It seems that the tcp request node does not always throw on error. I don't know how it's possible but if I use only a catch node to catch its errors, it mostly works but from time to time it fails. The workaround I found was to add a status node to watch the tcp request status and manually throw an error from the subflow. This works reliably but I think the catch node should be enough alone although it isn't. Does anyone have any hint on the possible pitfalls of catching errors?

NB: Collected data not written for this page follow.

(* Let $\ell$ be a positive integer and $L\ge2$. For every $(p,n,\ell)$-simple-labelling $\tilde M$ of an $L$-graph, $\tilde\Delta(\tilde M)\ge0$.
   Context: An $L$-graph is a cycle with $2L$ vertices and $2L$ edges whose vertices alternate between $n$-vertices and $p$-vertices. A $(p,n,\ell)$-simple-labelling assigns an $n$-label in $[n]$ to each $n$-vertex and to each $p$-vertex either an $\ell$-tuple of elements of $[p]$ or the empty label $\emptyset$, such that: (i) $n$-labels of adjacent $n$-vertices (consecutive $n$-vertices along the cycle, separated by one $p$-vertex) are distinct; (ii) the $p$-labels in an $\ell$-tuple are distinct; (iii) for each $n$-label $i$ and $p$-label $j$, the number of edges whose $n$-endpoint is labelled $i$ and whose $p$-endpoint's tuple contains $j$ is even; (iv) for any two $n$-labels $i,i'$, the number of occurrences of three consecutive vertices labelled $i,\emptyset,i'$ equals the number of occurrences of three consecutive vertices labelled $i',\emptyset,i$. Let $\tilde k$ be the number of $p$-vertices with non-empty label, $\tilde r$ the number of distinct $n$-labels and $\tilde c$ the number of distinct $p$-labels. The excess is $\tilde\Delta(\tilde M)=\frac{L+\tilde k}2+1-\tilde r-\frac{\tilde c}{\ell}$. *)

theory Defs
  imports Complex_Main
begin

text \<open>An L-graph: cycle a_0, b_0, a_1, b_1, ..., a_{L-1}, b_{L-1}, (back to a_0),
  where a_t (t < L) are the n-vertices and b_t (t < L) are the p-vertices.
  Edges: {a_t, b_t} and {b_t, a_{(t+1) mod L}} for t < L (2L edges).
  A labelling is given by nl :: nat => nat (n-label of a_t) and
  pl :: nat => nat list option (p-label of b_t; None is the empty label,
  Some xs an ell-tuple).\<close>

definition plab_contains :: "nat list option \<Rightarrow> nat \<Rightarrow> bool" where
  "plab_contains x j = (case x of None \<Rightarrow> False | Some xs \<Rightarrow> j \<in> set xs)"

definition simple_labelling ::
  "nat \<Rightarrow> nat \<Rightarrow> nat \<Rightarrow> nat \<Rightarrow> (nat \<Rightarrow> nat) \<Rightarrow> (nat \<Rightarrow> nat list option) \<Rightarrow> bool" where
  "simple_labelling p n ell L nl pl \<longleftrightarrow>
     (\<forall>t<L. nl t \<in> {1..n}) \<and>
     (\<forall>t<L. case pl t of None \<Rightarrow> True
              | Some xs \<Rightarrow> length xs = ell \<and> set xs \<subseteq> {1..p}) \<and>
     \<comment> \<open>(i) adjacent n-vertices have distinct labels\<close>
     (\<forall>t<L. nl t \<noteq> nl ((t + 1) mod L)) \<and>
     \<comment> \<open>(ii) entries of a tuple are distinct\<close>
     (\<forall>t<L. case pl t of None \<Rightarrow> True | Some xs \<Rightarrow> distinct xs) \<and>
     \<comment> \<open>(iii) parity condition on edges\<close>
     (\<forall>i j. even (card {t. t < L \<and> nl t = i \<and> plab_contains (pl t) j}
                 + card {t. t < L \<and> nl ((t + 1) mod L) = i \<and> plab_contains (pl t) j})) \<and>
     \<comment> \<open>(iv) i, empty, i' occurs as often as i', empty, i\<close>
     (\<forall>i i'. card {t. t < L \<and> nl t = i \<and> pl t = None \<and> nl ((t + 1) mod L) = i'}
           = card {t. t < L \<and> nl t = i' \<and> pl t = None \<and> nl ((t + 1) mod L) = i})"

definition k_tilde :: "nat \<Rightarrow> (nat \<Rightarrow> nat list option) \<Rightarrow> nat" where
  "k_tilde L pl = card {t. t < L \<and> pl t \<noteq> None}"

definition r_tilde :: "nat \<Rightarrow> (nat \<Rightarrow> nat) \<Rightarrow> nat" where
  "r_tilde L nl = card (nl ` {..<L})"

definition c_tilde :: "nat \<Rightarrow> (nat \<Rightarrow> nat list option) \<Rightarrow> nat" where
  "c_tilde L pl = card {j. \<exists>t<L. plab_contains (pl t) j}"

definition excess :: "nat \<Rightarrow> nat \<Rightarrow> (nat \<Rightarrow> nat) \<Rightarrow> (nat \<Rightarrow> nat list option) \<Rightarrow> real" where
  "excess ell L nl pl = (real L + real (k_tilde L pl)) / 2 + 1 - real (r_tilde L nl)
      - real (c_tilde L pl) / real ell"

end

theory Submission
  imports Defs
begin

text \<open>Walk once around the cycle and call a step t fresh if it leads from a_t to an n-label not
  seen among a_0, ..., a_t; then r is at most one more than the number of fresh steps.
  By the parity condition (iii), every p-label occurs at some non-fresh step: at the last step
  carrying it, a fresh step would be the only edge joining that p-label to the newly reached
  n-label. Hence c/ell is at most the number of non-fresh non-empty steps. By the symmetry
  condition (iv), each fresh empty step i, \<emptyset>, i' is matched with a reverse step
  i', \<emptyset>, i, which comes later and is not fresh; so at most half of the empty steps are
  fresh. Adding up, r + c/ell \<le> (L + k)/2 + 1.\<close>

definition fresh_steps :: "nat \<Rightarrow> (nat \<Rightarrow> nat) \<Rightarrow> nat set" where
  "fresh_steps L nl = {t. t < L \<and> nl ((t + 1) mod L) \<notin> nl ` {..t}}"

lemma fresh_steps_subset: "fresh_steps L nl \<subseteq> {..<L}"
  by (auto simp: fresh_steps_def)

lemma fresh_steps_Suc_less:
  assumes "t \<in> fresh_steps L nl"
  shows "Suc t < L"
proof (rule ccontr)
  assume "\<not> Suc t < L"
  with assms have "Suc t = L"
    by (simp add: fresh_steps_def)
  then have "(t + 1) mod L = 0"
    by simp
  with assms show False
    by (auto simp: fresh_steps_def)
qed

lemma fresh_steps_fresh:
  assumes "t \<in> fresh_steps L nl"
  shows "nl (Suc t) \<notin> nl ` {..t}"
  using assms fresh_steps_Suc_less[OF assms] by (simp add: fresh_steps_def)

lemma inj_on_fresh_steps: "inj_on (\<lambda>t. nl (Suc t)) (fresh_steps L nl)"
proof (rule inj_onI, rule ccontr)
  fix t1 t2
  assume fresh: "t1 \<in> fresh_steps L nl" "t2 \<in> fresh_steps L nl"
    and eq: "nl (Suc t1) = nl (Suc t2)" and "t1 \<noteq> t2"
  then consider "t1 < t2" | "t2 < t1" by linarith
  then show False
  proof cases
    case 1
    then have "nl (Suc t1) \<in> nl ` {..t2}" by simp
    with fresh_steps_fresh[OF fresh(2)] eq show False by simp
  next
    case 2
    then have "nl (Suc t2) \<in> nl ` {..t1}" by simp
    with fresh_steps_fresh[OF fresh(1)] eq show False by simp
  qed
qed

lemma card_image_le_card_fresh_steps: "card (nl ` {..<L}) \<le> card (fresh_steps L nl) + 1"
proof -
  have "nl ` {..<L} \<subseteq> insert (nl 0) ((\<lambda>t. nl (Suc t)) ` fresh_steps L nl)"
  proof
    fix x
    assume "x \<in> nl ` {..<L}"
    then have "\<exists>s. s < L \<and> nl s = x" by auto
    then obtain s where s: "s < L" "nl s = x" and first: "\<And>u. u < s \<Longrightarrow> nl u \<noteq> x"
      by (auto simp: exists_least_iff[of "\<lambda>s. s < L \<and> nl s = x"])
    show "x \<in> insert (nl 0) ((\<lambda>t. nl (Suc t)) ` fresh_steps L nl)"
    proof (cases s)
      case 0
      then show ?thesis using s by simp
    next
      case (Suc t)
      have "nl u \<noteq> nl (Suc t)" if "u \<le> t" for u
        using first[of u] that s Suc by simp
      then have "nl (Suc t) \<notin> nl ` {..t}" by fastforce
      with Suc s have "t \<in> fresh_steps L nl"
        by (simp add: fresh_steps_def)
      with Suc s show ?thesis by auto
    qed
  qed
  then have "card (nl ` {..<L}) \<le> card (insert (nl 0) ((\<lambda>t. nl (Suc t)) ` fresh_steps L nl))"
    by (rule card_mono[rotated]) (simp add: fresh_steps_def)
  also have "\<dots> \<le> card ((\<lambda>t. nl (Suc t)) ` fresh_steps L nl) + 1"
    by (simp add: card_insert_le_m1)
  also have "\<dots> \<le> card (fresh_steps L nl) + 1"
    by (simp add: card_image_le fresh_steps_def)
  finally show ?thesis .
qed

lemma even_incidences_imp_non_fresh_step:
  assumes even: "\<And>v. even (card {s. s < L \<and> nl s = v \<and> P s}
                           + card {s. s < L \<and> nl ((s + 1) mod L) = v \<and> P s})"
    and "t < L" "P t"
  shows "\<exists>s<L. P s \<and> s \<notin> fresh_steps L nl"
proof (rule ccontr)
  assume "\<not> ?thesis"
  then have all_fresh: "s \<in> fresh_steps L nl" if "s < L" "P s" for s
    using that by blast
  define T where "T = {s. s < L \<and> P s}"
  define m where "m = Max T"
  have "finite T" "t \<in> T"
    by (simp_all add: T_def assms)
  then have "m \<in> T" and last: "\<And>s. s < L \<Longrightarrow> P s \<Longrightarrow> s \<le> m"
    unfolding m_def by (auto intro: Max_in) (simp add: T_def)
  then have m: "m < L" "P m"
    by (simp_all add: T_def)
  then have m_fresh: "m \<in> fresh_steps L nl"
    by (rule all_fresh)
  define v where "v = nl (Suc m)"
  have new: "v \<notin> nl ` {..m}"
    unfolding v_def by (rule fresh_steps_fresh[OF m_fresh])
  have no_head: "{s. s < L \<and> nl s = v \<and> P s} = {}"
    using last new by fastforce
  have single_tail: "{s. s < L \<and> nl ((s + 1) mod L) = v \<and> P s} = {m}"
  proof -
    have "s = m" if "s < L" "nl ((s + 1) mod L) = v" "P s" for s
    proof (rule ccontr)
      assume "s \<noteq> m"
      with last that have "Suc s \<le> m" by force
      moreover have "nl (Suc s) = v"
        using that fresh_steps_Suc_less[OF all_fresh[OF that(1,3)]] by simp
      ultimately show False
        using new by auto
    qed
    moreover have "nl ((m + 1) mod L) = v"
      using fresh_steps_Suc_less[OF m_fresh] by (simp add: v_def)
    ultimately show ?thesis
      using m by blast
  qed
  show False
    using even[of v] unfolding no_head single_tail by simp
qed

lemma card_fresh_steps_Int_le_Diff:
  assumes reversal: "\<And>i i'. card {t. t < L \<and> nl t = i \<and> Q t \<and> nl ((t + 1) mod L) = i'}
                            = card {t. t < L \<and> nl t = i' \<and> Q t \<and> nl ((t + 1) mod L) = i}"
  shows "card (fresh_steps L nl \<inter> {t. t < L \<and> Q t})
           \<le> card ({t. t < L \<and> Q t} - fresh_steps L nl)"
proof -
  let ?A = "fresh_steps L nl \<inter> {t. t < L \<and> Q t}"
  have "\<exists>s. s < L \<and> nl s = nl (Suc t) \<and> Q s \<and> nl ((s + 1) mod L) = nl t" if "t \<in> ?A" for t
  proof -
    have "Suc t < L"
      using that fresh_steps_Suc_less by blast
    with that have "t \<in> {s. s < L \<and> nl s = nl t \<and> Q s \<and> nl ((s + 1) mod L) = nl (Suc t)}"
      by simp
    then have "card {s. s < L \<and> nl s = nl t \<and> Q s \<and> nl ((s + 1) mod L) = nl (Suc t)} > 0"
      by (auto simp: card_gt_0_iff)
    then have "card {s. s < L \<and> nl s = nl (Suc t) \<and> Q s \<and> nl ((s + 1) mod L) = nl t} > 0"
      by (simp only: reversal)
    then show ?thesis
      by (auto simp: card_gt_0_iff)
  qed
  then obtain g where g: "\<And>t. t \<in> ?A \<Longrightarrow>
      g t < L \<and> nl (g t) = nl (Suc t) \<and> Q (g t) \<and> nl ((g t + 1) mod L) = nl t"
    by metis
  have "inj_on g ?A"
  proof (rule inj_onI)
    fix t1 t2
    assume "t1 \<in> ?A" "t2 \<in> ?A" "g t1 = g t2"
    with g have "nl (Suc t1) = nl (Suc t2)" by metis
    with \<open>t1 \<in> ?A\<close> \<open>t2 \<in> ?A\<close> show "t1 = t2"
      using inj_on_fresh_steps[of nl L] by (auto dest: inj_onD)
  qed
  moreover have "g ` ?A \<subseteq> {t. t < L \<and> Q t} - fresh_steps L nl"
  proof (rule image_subsetI)
    fix t
    assume t: "t \<in> ?A"
    have "t < g t"
      using fresh_steps_fresh[of t] t g[OF t] by (metis IntD1 atMost_iff image_eqI not_less)
    then have "nl ((g t + 1) mod L) \<in> nl ` {..g t}"
      using g[OF t] by auto
    then have "g t \<notin> fresh_steps L nl"
      by (simp add: fresh_steps_def)
    with g[OF t] show "g t \<in> {t. t < L \<and> Q t} - fresh_steps L nl"
      by simp
  qed
  ultimately show ?thesis
    by (rule card_inj_on_le) simp
qed

lemma Collect_plab_contains: "{j. plab_contains x j} = (case x of None \<Rightarrow> {} | Some xs \<Rightarrow> set xs)"
  by (auto simp: plab_contains_def split: option.split)

lemma c_tilde_le_card_non_fresh:
  assumes lengths: "\<And>t xs. t < L \<Longrightarrow> pl t = Some xs \<Longrightarrow> length xs \<le> ell"
    and parity: "\<And>i j. even (card {t. t < L \<and> nl t = i \<and> plab_contains (pl t) j}
                 + card {t. t < L \<and> nl ((t + 1) mod L) = i \<and> plab_contains (pl t) j})"
  shows "c_tilde L pl \<le> ell * card ({t. t < L \<and> pl t \<noteq> None} - fresh_steps L nl)"
proof -
  let ?S = "{t. t < L \<and> pl t \<noteq> None} - fresh_steps L nl"
  have "{j. \<exists>t<L. plab_contains (pl t) j} \<subseteq> (\<Union>t\<in>?S. {j. plab_contains (pl t) j})"
  proof
    fix j
    assume "j \<in> {j. \<exists>t<L. plab_contains (pl t) j}"
    then obtain t where "t < L" "plab_contains (pl t) j"
      by blast
    then obtain s where "s < L" "plab_contains (pl s) j" "s \<notin> fresh_steps L nl"
      using even_incidences_imp_non_fresh_step[OF parity] by blast
    then have "s \<in> ?S" "j \<in> {j. plab_contains (pl s) j}"
      by (auto simp: plab_contains_def split: option.split_asm)
    then show "j \<in> (\<Union>t\<in>?S. {j. plab_contains (pl t) j})"
      by blast
  qed
  then have "c_tilde L pl \<le> card (\<Union>t\<in>?S. {j. plab_contains (pl t) j})"
    unfolding c_tilde_def by (rule card_mono[rotated]) (auto simp: Collect_plab_contains split: option.split)
  also have "\<dots> \<le> (\<Sum>t\<in>?S. card {j. plab_contains (pl t) j})"
    by (rule card_UN_le) simp
  also have "\<dots> \<le> (\<Sum>t\<in>?S. ell)"
    by (rule sum_mono) (auto simp: Collect_plab_contains intro: le_trans[OF card_length lengths])
  finally show ?thesis
    by (simp add: mult.commute)
qed

lemma card_add_card_Diff_le_half:
  assumes "finite E" "finite N" "E \<inter> N = {}" "F \<subseteq> E \<union> N"
    and "card (F \<inter> E) \<le> card (E - F)"
  shows "2 * card F + 2 * card (N - F) \<le> card E + 2 * card N"
proof -
  have "card E = card (F \<inter> E) + card (E - F)"
    using card_Int_Diff[OF assms(1), of F] by (simp add: Int_commute)
  moreover have "card N = card (F \<inter> N) + card (N - F)"
    using card_Int_Diff[OF assms(2), of F] by (simp add: Int_commute)
  moreover have "card F = card (F \<inter> E) + card (F \<inter> N)"
  proof -
    have "F = (F \<inter> E) \<union> (F \<inter> N)" "(F \<inter> E) \<inter> (F \<inter> N) = {}"
      using assms(3,4) by blast+
    with assms(1,2) show ?thesis
      by (metis card_Un_disjoint finite_Int)
  qed
  ultimately show ?thesis
    using assms(5) by linarith
qed

theorem lemma3p13:
  fixes p n ell L :: nat and nl :: "nat \<Rightarrow> nat" and pl :: "nat \<Rightarrow> nat list option"
  assumes "ell \<ge> 1" and "L \<ge> 2"
    and "simple_labelling p n ell L nl pl"
  shows "excess ell L nl pl \<ge> 0"
proof -
  define F where "F = fresh_steps L nl"
  define N where "N = {t. t < L \<and> pl t \<noteq> None}"
  define E where "E = {t. t < L \<and> pl t = None}"
  have lengths: "\<And>t xs. t < L \<Longrightarrow> pl t = Some xs \<Longrightarrow> length xs \<le> ell"
    using assms(3) unfolding simple_labelling_def by fastforce
  have r: "r_tilde L nl \<le> card F + 1"
    unfolding r_tilde_def F_def by (rule card_image_le_card_fresh_steps)
  have "c_tilde L pl \<le> ell * card (N - F)"
    unfolding N_def F_def using assms(3)
    by (intro c_tilde_le_card_non_fresh lengths) (auto simp: simple_labelling_def)
  with assms(1) have c: "real (c_tilde L pl) / real ell \<le> card (N - F)"
    by (simp add: divide_simps mult.commute flip: of_nat_mult)
  have "card (F \<inter> E) \<le> card (E - F)"
    unfolding E_def F_def using assms(3)
    by (intro card_fresh_steps_Int_le_Diff) (simp add: simple_labelling_def)
  moreover have partition: "E \<union> N = {..<L}" "E \<inter> N = {}"
    by (auto simp: E_def N_def)
  ultimately have "2 * card F + 2 * card (N - F) \<le> card E + 2 * card N"
    using fresh_steps_subset[of L nl]
    by (intro card_add_card_Diff_le_half) (auto simp: E_def N_def F_def)
  moreover have "card E + card N = L"
    using partition card_Un_disjoint[of E N] by (simp add: E_def N_def)
  ultimately show ?thesis
    using r c unfolding excess_def k_tilde_def N_def[symmetric] add_divide_distrib by linarith
qed

end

Under what failure mode does it not throw the error?
It's either the common.status.disconnected or the common.status.error. Since I set up the status to watch these two (I don't know if there are any other) and I throw in these cases manually, there's no problem.
The strange thing is, that since I throw manually as well, the errors are also thrown by the tcp node as well. I remember turning off the status node just because of this as I did not want to catch the same error twice but then it stopped working. So I re-enabled the status node and I throw a different error manually to be able to differentiate after the catch and handle the error only once.
By the way, this is on 1.2.9.
Are you saying that an error is thrown if you are monitoring the status, but is not thrown if you are not monitoring? If so then that is a bug that should be reported.
Yepp, that's what I'm saying but it's like this:
-if I'm monitoring the status the errors are always thrown
-if I'm NOT monitoring the status, the errors are not always thrown (or just not caught by catch?)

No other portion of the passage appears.